This month’s issue of CSH Protocols features an article by Andrew Salinger and Monica Justice, detailing a technique for Mouse Mutagenesis Using N-Ethyl-N-Nitrosourea (ENU) (article is freely available as one of our featured protocols). Back in the ancient days of my graduate school work, the idea of doing large scale forward genetics in mouse was unthinkable. Who had the space, let alone the funding and personnel to keep and track all of those cages? It was always one of those reasons we grumbled about the Drosophila labs, and the incredibly cool tools they had at their disposal. Over the years, the techniques were refined, and now, according to Justice, screens like this are an “established as part of a mouse geneticist’s toolkit,” and can be effective even in labs with very limited amounts of mouse space. So it’s nice to see this incredibly productive method readily available for use in mouse. Now if we can just do something about that pesky internal development that’s so limiting to imaging experiments…..

The March issue of CSH Protocols has two featured (freely available) protocols on high-throughput methods for studying gene regulation.

The first method approaches regulatory analysis through epigenetic mechanisms. Methylated CpG Island Amplification and Microarray (MCAM) for High-Throughput Analysis of DNA Methylation, developed by Marcos Estecio and Jean-Pierre Issa of the MD Anderson Cancer Center, and Pearlly Yan and Tim Huang of the Ohio State University Comprehensive Cancer Center is a rapid, genome-wide method for identifying regions where methylation is occurring. This protocol has proven successful for proven successful for use in comparing normal tissues and tumors, helping researchers better understand the factors responsible for cancer.

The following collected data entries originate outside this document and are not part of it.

lemma borel_step_move: "borel_step x y \<Longrightarrow> borel_move x y"
  unfolding borel_step_def borel_move_def
  by (elim exE conjE, rule_tac x = "[(i, j)]" in exI) auto

lemma borel_ideal_steps_closed:
  assumes "borel_ideal n B" and "borel_step\<^sup>*\<^sup>* x y" and "x \<in> B"
  shows "y \<in> B"
  using assms(2,3)
  by (induction rule: rtranclp_induct)
     (use assms(1) borel_step_move in \<open>auto simp: borel_ideal_def\<close>)

lemma borel_step_monomials: "borel_step x y \<Longrightarrow> x \<in> monomials n \<Longrightarrow> y \<in> monomials n"
  unfolding borel_step_def monomials_def by (fastforce dest!: in_diffD)

lemma borel_steps_size: "borel_step\<^sup>*\<^sup>* x y \<Longrightarrow> size y = size x"
proof (induction rule: rtranclp_induct)
  case (step y z)
  then obtain i j where j: "j \<in># y" and z: "z = y - {#j#} + {#i#}"
    unfolding borel_step_def by blast
  have "size y = Suc (size (y - {#j#}))" using j by (metis insert_DiffM size_add_mset)
  then show ?case using step.IH z by simp
qed simp

lemma borel_steps_bounded:
  "borel_step\<^sup>*\<^sup>* x y \<Longrightarrow> \<forall>k\<in>#x. k \<le> p \<Longrightarrow> \<forall>k\<in>#y. k \<le> p"
proof (induction rule: rtranclp_induct)
  case (step y z)
  then obtain i j where "i < j" "j \<in># y" "z = y - {#j#} + {#i#}"
    unfolding borel_step_def by blast
  then show ?case using step by (fastforce dest!: in_diffD)
qed simp

section \<open>The Borel ideal generated by a set of monomials\<close>

lemma monomial_ideal_multiple:
  assumes "monomial_ideal n I" "u \<in> I" "u \<subseteq># v" "v \<in> monomials n"
  shows "v \<in> I"
proof -
  have "v - u \<in> monomials n" using assms(4) unfolding monomials_def by (auto dest: in_diffD)
  then have "u + (v - u) \<in> I" using assms(1,2) unfolding monomial_ideal_def by blast
  then show ?thesis using assms(3) by (simp add: subset_mset.add_diff_inverse)
qed

definition borel_closure :: "nat \<Rightarrow> monomial set \<Rightarrow> monomial set" where
  "borel_closure n T =
     {v \<in> monomials n. \<exists>g\<in>T. \<exists>g'. borel_step\<^sup>*\<^sup>* g g' \<and> g' \<subseteq># v}"

text \<open>The key closure property: if a descendant g' divides v and v makes an elementary step
  to w, then either g' still divides w or g' makes the same step and then divides w.\<close>
lemma borel_closure_step:
  assumes v: "v \<in> borel_closure n T" and step: "borel_step v w"
  shows "w \<in> borel_closure n T"
proof -
  obtain g g' where g: "g \<in> T" "borel_step\<^sup>*\<^sup>* g g'" "g' \<subseteq># v" and v_mon: "v \<in> monomials n"
    using v unfolding borel_closure_def by blast
  obtain i j where ij: "1 \<le> i" "i < j" "j \<in># v" and w: "w = v - {#j#} + {#i#}"
    using step unfolding borel_step_def by blast
  have w_mon: "w \<in> monomials n" using borel_step_monomials[OF step v_mon] .
  have g'_le: "count g' a \<le> count v a" for a using g(3) by (simp add: mset_subset_eq_count)
  show ?thesis
  proof (cases "count g' j < count v j")
    case True
    have "count g' a \<le> count w a" for a
      using g'_le[of a] True unfolding w by (cases "a = j"; cases "a = i") auto
    then have "g' \<subseteq># w" by (simp add: subseteq_mset_def)
    then show ?thesis using g w_mon unfolding borel_closure_def by blast
  next
    case False
    then have "count g' j = count v j" using g'_le[of j] by simp
    then have "j \<in># g'" using ij(3) by (metis count_greater_zero_iff)
    then have "borel_step g' (g' - {#j#} + {#i#})" unfolding borel_step_def using ij by blast
    then have "borel_step\<^sup>*\<^sup>* g (g' - {#j#} + {#i#})" using g(2) by simp
    moreover have "g' - {#j#} + {#i#} \<subseteq># w"
      unfolding subseteq_mset_def w using g'_le by (simp add: diff_le_mono)
    ultimately show ?thesis using g(1) w_mon unfolding borel_closure_def by blast
  qed
qed

lemma borel_closure_is_borel:
  assumes "T \<subseteq> monomials n"
  shows "borel_ideal n (borel_closure n T)"
proof -
  have "monomial_ideal n (borel_closure n T)"
    unfolding monomial_ideal_def
  proof (intro conjI ballI)
    show "borel_closure n T \<subseteq> monomials n" unfolding borel_closure_def by blast
  next
    fix u v assume u: "u \<in> borel_closure n T" and v: "v \<in> monomials n"
    then have "u + v \<in> monomials n" unfolding borel_closure_def monomials_def by auto
    moreover have "\<And>g'. g' \<subseteq># u \<Longrightarrow> g' \<subseteq># u + v" by (simp add: subset_mset.add_increasing2)
    ultimately show "u + v \<in> borel_closure n T" using u unfolding borel_closure_def by blast
  qed
  moreover have "borel_step\<^sup>*\<^sup>* v w \<Longrightarrow> v \<in> borel_closure n T \<Longrightarrow> w \<in> borel_closure n T" for v w
    by (induction rule: rtranclp_induct) (auto intro: borel_closure_step)
  ultimately show ?thesis unfolding borel_ideal_def using borel_move_steps by blast
qed

lemma borel_closure_least:
  assumes "borel_ideal n I" "T \<subseteq> I"
  shows "borel_closure n T \<subseteq> I"
proof
  fix v assume "v \<in> borel_closure n T"
  then obtain g g' where "g \<in> T" "borel_step\<^sup>*\<^sup>* g g'" "g' \<subseteq># v" "v \<in> monomials n"
    unfolding borel_closure_def by blast
  then show "v \<in> I"
    using assms borel_ideal_steps_closed monomial_ideal_multiple
    unfolding borel_ideal_def by blast
qed

theorem borel_gen_eq_closure:
  assumes "T \<subseteq> monomials n"
  shows "borel_gen n T = borel_closure n T"
proof
  have "T \<subseteq> borel_closure n T" using assms unfolding borel_closure_def by blast
  then show "borel_gen n T \<subseteq> borel_closure n T"
    unfolding borel_gen_def using borel_closure_is_borel[OF assms] by blast
  show "borel_closure n T \<subseteq> borel_gen n T"
    unfolding borel_gen_def using borel_closure_least by blast
qed

lemma borel_gen_remove_redundant:
  assumes "m \<in> borel_gen n (T - {m})"
  shows "borel_gen n (T - {m}) = borel_gen n T"
  using assms unfolding borel_gen_def by blast

lemma Bgens_irredundant:
  assumes "is_Bgens n B T" "m \<in> T"
  shows "m \<notin> borel_gen n (T - {m})"
proof
  assume "m \<in> borel_gen n (T - {m})"
  then have "borel_gen n (T - {m}) = B"
    using assms(1) borel_gen_remove_redundant unfolding is_Bgens_def by metis
  moreover have "T - {m} \<subset> T" using assms(2) by blast
  ultimately show False using assms(1) unfolding is_Bgens_def by blast
qed

section \<open>Shifting high variables down\<close>

lemma shift_down:
  assumes "\<forall>x\<in>#b. p < x" "\<forall>y\<in>#r. 1 \<le> y \<and> y \<le> p" "size b \<le> size r"
  shows "\<exists>c. c \<subseteq># r \<and> borel_step\<^sup>*\<^sup>* (a + b) (a + c)"
  using assms
proof (induction b arbitrary: a r)
  case empty
  then show ?case by (rule_tac x = "{#}" in exI) simp
next
  case (add x b)
  then obtain y where y: "y \<in># r" by fastforce
  have first: "borel_step (a + add_mset x b) (add_mset y a + b)"
    unfolding borel_step_def using y add.prems
    by (rule_tac x = y in exI, rule_tac x = x in exI) force
  have "size b \<le> size (r - {#y#})" using add.prems(3) y by (simp add: size_Diff_singleton)
  moreover have "\<forall>z\<in>#r - {#y#}. 1 \<le> z \<and> z \<le> p" using add.prems(2) by (auto dest: in_diffD)
  ultimately obtain c where c: "c \<subseteq># r - {#y#}"
    and rest: "borel_step\<^sup>*\<^sup>* (add_mset y a + b) (add_mset y a + c)"
    using add.IH[of "r - {#y#}" "add_mset y a"] add.prems(1) by auto
  have "add_mset y c \<subseteq># r" using c y by (metis insert_subset_eq_iff)
  moreover have "borel_step\<^sup>*\<^sup>* (a + add_mset x b) (a + add_mset y c)"
    using first rest by (simp add: converse_rtranclp_into_rtranclp)
  ultimately show ?case by blast
qed

lemma descendant_divides_shift:
  assumes g': "g' \<subseteq># u + \<nu>" and u: "\<forall>x\<in>#u. p < x"
    and \<nu>: "\<forall>y\<in>#\<nu>. 1 \<le> y \<and> y \<le> p" and p: "1 \<le> p"
    and deg: "size g' \<le> Suc (size \<nu>)"
  shows "\<exists>w. borel_step\<^sup>*\<^sup>* g' w \<and> w \<subseteq># add_mset p \<nu>"
proof -
  define a where "a = g' \<inter># \<nu>"
  define b where "b = g' - a"
  have a_\<nu>: "a \<subseteq># \<nu>" and a_g': "a \<subseteq># g'" unfolding a_def by simp_all
  then have g'_ab: "g' = a + b" unfolding b_def by (simp only: subset_mset.add_diff_inverse)
  have "b \<subseteq># u" using g' unfolding b_def a_def subseteq_mset_def
    by (simp add: le_diff_conv add.commute)
  then have b_high: "\<forall>x\<in>#b. p < x" using u by (meson mset_subset_eqD)
  define r where "r = add_mset p (\<nu> - a)"
  have r_low: "\<forall>y\<in>#r. 1 \<le> y \<and> y \<le> p" unfolding r_def using \<nu> p by (auto dest: in_diffD)
  have "size r = Suc (size \<nu> - size a)" and "size a \<le> size \<nu>"
    unfolding r_def using a_\<nu> by (simp_all add: size_Diff_submset size_mset_mono)
  then have "size b \<le> size r" using deg g'_ab by simp
  then obtain c where c: "c \<subseteq># r" "borel_step\<^sup>*\<^sup>* (a + b) (a + c)"
    using shift_down[OF b_high r_low] by blast
  have "a + c \<subseteq># a + r" using c(1) by simp
  also have "a + r = add_mset p \<nu>" unfolding r_def using a_\<nu> by simp
  finally show ?thesis using c(2) g'_ab by blast
qed

lemma low_divisor:
  fixes g' u \<nu> :: monomial
  assumes "g' \<subseteq># u + \<nu>" "\<forall>x\<in>#u. p < x" "\<forall>k\<in>#g'. k \<le> p"
  shows "g' \<subseteq># \<nu>"
  unfolding subseteq_mset_def
proof
  fix x
  show "count g' x \<le> count \<nu> x"
  proof (cases "x \<in># g'")
    case True
    then have "x \<le> p" using assms(3) by blast
    then have "count u x = 0" using assms(2) by (auto simp: not_in_iff[symmetric] not_less)
    moreover have "count g' x \<le> count u x + count \<nu> x"
      using assms(1) by (metis count_union subseteq_mset_def)
    ultimately show ?thesis by simp
  qed (simp add: not_in_iff)
qed

lemma var_ideal_subset_colon:
  assumes B: "borel_ideal n B" and m: "add_mset p \<nu> \<in> B"
  shows "var_ideal n p \<subseteq> colon n B \<nu>"
proof
  fix u assume "u \<in> var_ideal n p"
  then obtain i where u: "u \<in> monomials n" "i \<in># u" "i \<le> p"
    unfolding var_ideal_def by blast
  have "1 \<le> i" using u unfolding monomials_def by auto
  have "borel_step\<^sup>*\<^sup>* (add_mset p \<nu>) (add_mset i \<nu>)"
  proof (cases "i = p")
    case False
    then have "borel_step (add_mset p \<nu>) (add_mset i \<nu>)"
      unfolding borel_step_def using \<open>1 \<le> i\<close> u(3)
      by (rule_tac x = i in exI, rule_tac x = p in exI) auto
    then show ?thesis by blast
  qed simp
  then have "add_mset i \<nu> \<in> B" using borel_ideal_steps_closed[OF B] m by blast
  moreover have "add_mset i \<nu> \<subseteq># u + \<nu>"
  proof -
    obtain u' where "u = add_mset i u'" using u(2) by (metis multi_member_split)
    then show ?thesis by simp
  qed
  moreover have "u + \<nu> \<in> monomials n"
  proof -
    have "add_mset p \<nu> \<in> monomials n"
      using B m unfolding borel_ideal_def monomial_ideal_def by blast
    then show ?thesis using u(1) unfolding monomials_def by auto
  qed
  ultimately have "u + \<nu> \<in> B"
    using B monomial_ideal_multiple unfolding borel_ideal_def by blast
  then show "u \<in> colon n B \<nu>" using u(1) unfolding colon_def by blast
qed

The second protocol looks at the binding of regulatory proteins to DNA and their role in transcriptional regulation. The method, DNA Immunoprecipitation (DIP) for the Determination of DNA-binding Specificity, allows researchers to determine the specific DNA sequence that a regulatory protein binds. The technique allows for rapid screening of the entire genome for these binding sites, which gives insight into which genes these protein factors control.